Activity
Would you go through the records below and copy each line with the string "subseteq"?

Records
------------------------------------------------------------
lemma card_book_copies_eq_1:
  assumes "finite V" "H \<subseteq> complete_edges V" "book_spine p V H u v"
    and unique: "\<And>u' v'. book_spine p V H u' v' \<Longrightarrow> {u', v'} = {u, v}"
    and tight: "card (nbhd H V u \<union> nbhd H V v) + p + 2 = card V"
  shows "card (book_copies p V H) = 1"
proof -
  define R where "R = V - {u, v} - (nbhd H V u \<union> nbhd H V v)"
  have uv: "u \<in> V" "v \<in> V" "u \<noteq> v" "{u, v} \<notin> H"
    using assms(3) by (simp_all add: book_spine_def)
  have card_R: "card R = p" using card_outside_nbhds[OF assms(1,2) uv] tight R_def by simp
  have "c = (insert u (insert v R), book_edges u v R)" if copy: "c \<in> book_copies p V H" for c
  proof -
    obtain u' v' S where spine': "book_spine p V H u' v'"
      and S: "S \<subseteq> V - {u', v'} - (nbhd H V u' \<union> nbhd H V v')" "card S = p"
      and c: "c = (insert u' (insert v' S), book_edges u' v' S)"
      by (rule copy_imp_book_spine[OF assms(1,2) copy])
    have uv': "u' = u \<and> v' = v \<or> u' = v \<and> v' = u"
      using unique[OF spine'] by (auto simp: doubleton_eq_iff)
    then have "S \<subseteq> R" using S(1) unfolding R_def by (auto simp: insert_commute)
    moreover have "finite R" using assms(1) R_def by simp
    ultimately have "S = R" using S(2) card_R by (simp add: card_subset_eq)
    then show ?thesis using c uv' by (auto simp: insert_commute book_edges_commute)
  qed
  moreover have "(insert u (insert v R), book_edges u v R) \<in> book_copies p V H"
    using copy_of_book_spine[OF assms(1) uv _ card_R] R_def by simp
  ultimately have "book_copies p V H = {(insert u (insert v R), book_edges u v R)}" by blast
  then show ?thesis by simp
qed

section \<open>Degree counting\<close>

lemma sum_eq_sum_pred_plus_card:
  fixes f :: "'a \<Rightarrow> nat"
  assumes "\<And>y. y \<in> A \<Longrightarrow> 1 \<le> f y"
  shows "sum f A = (\<Sum>y\<in>A. f y - 1) + card A"
proof -
  have "sum f A = (\<Sum>y\<in>A. (f y - 1) + 1)" using assms by (intro sum.cong) (auto simp: Suc_le_eq)
  then show ?thesis by (simp add: sum_Suc)
qed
------------------------------------------------------------
Solution for this exercise
  assumes "finite V" "H \<subseteq> complete_edges V" "book_spine p V H u v"
      and S: "S \<subseteq> V - {u', v'} - (nbhd H V u' \<union> nbhd H V v')" "card S = p"
    then have "S \<subseteq> R" using S(1) unfolding R_def by (auto simp: insert_commute)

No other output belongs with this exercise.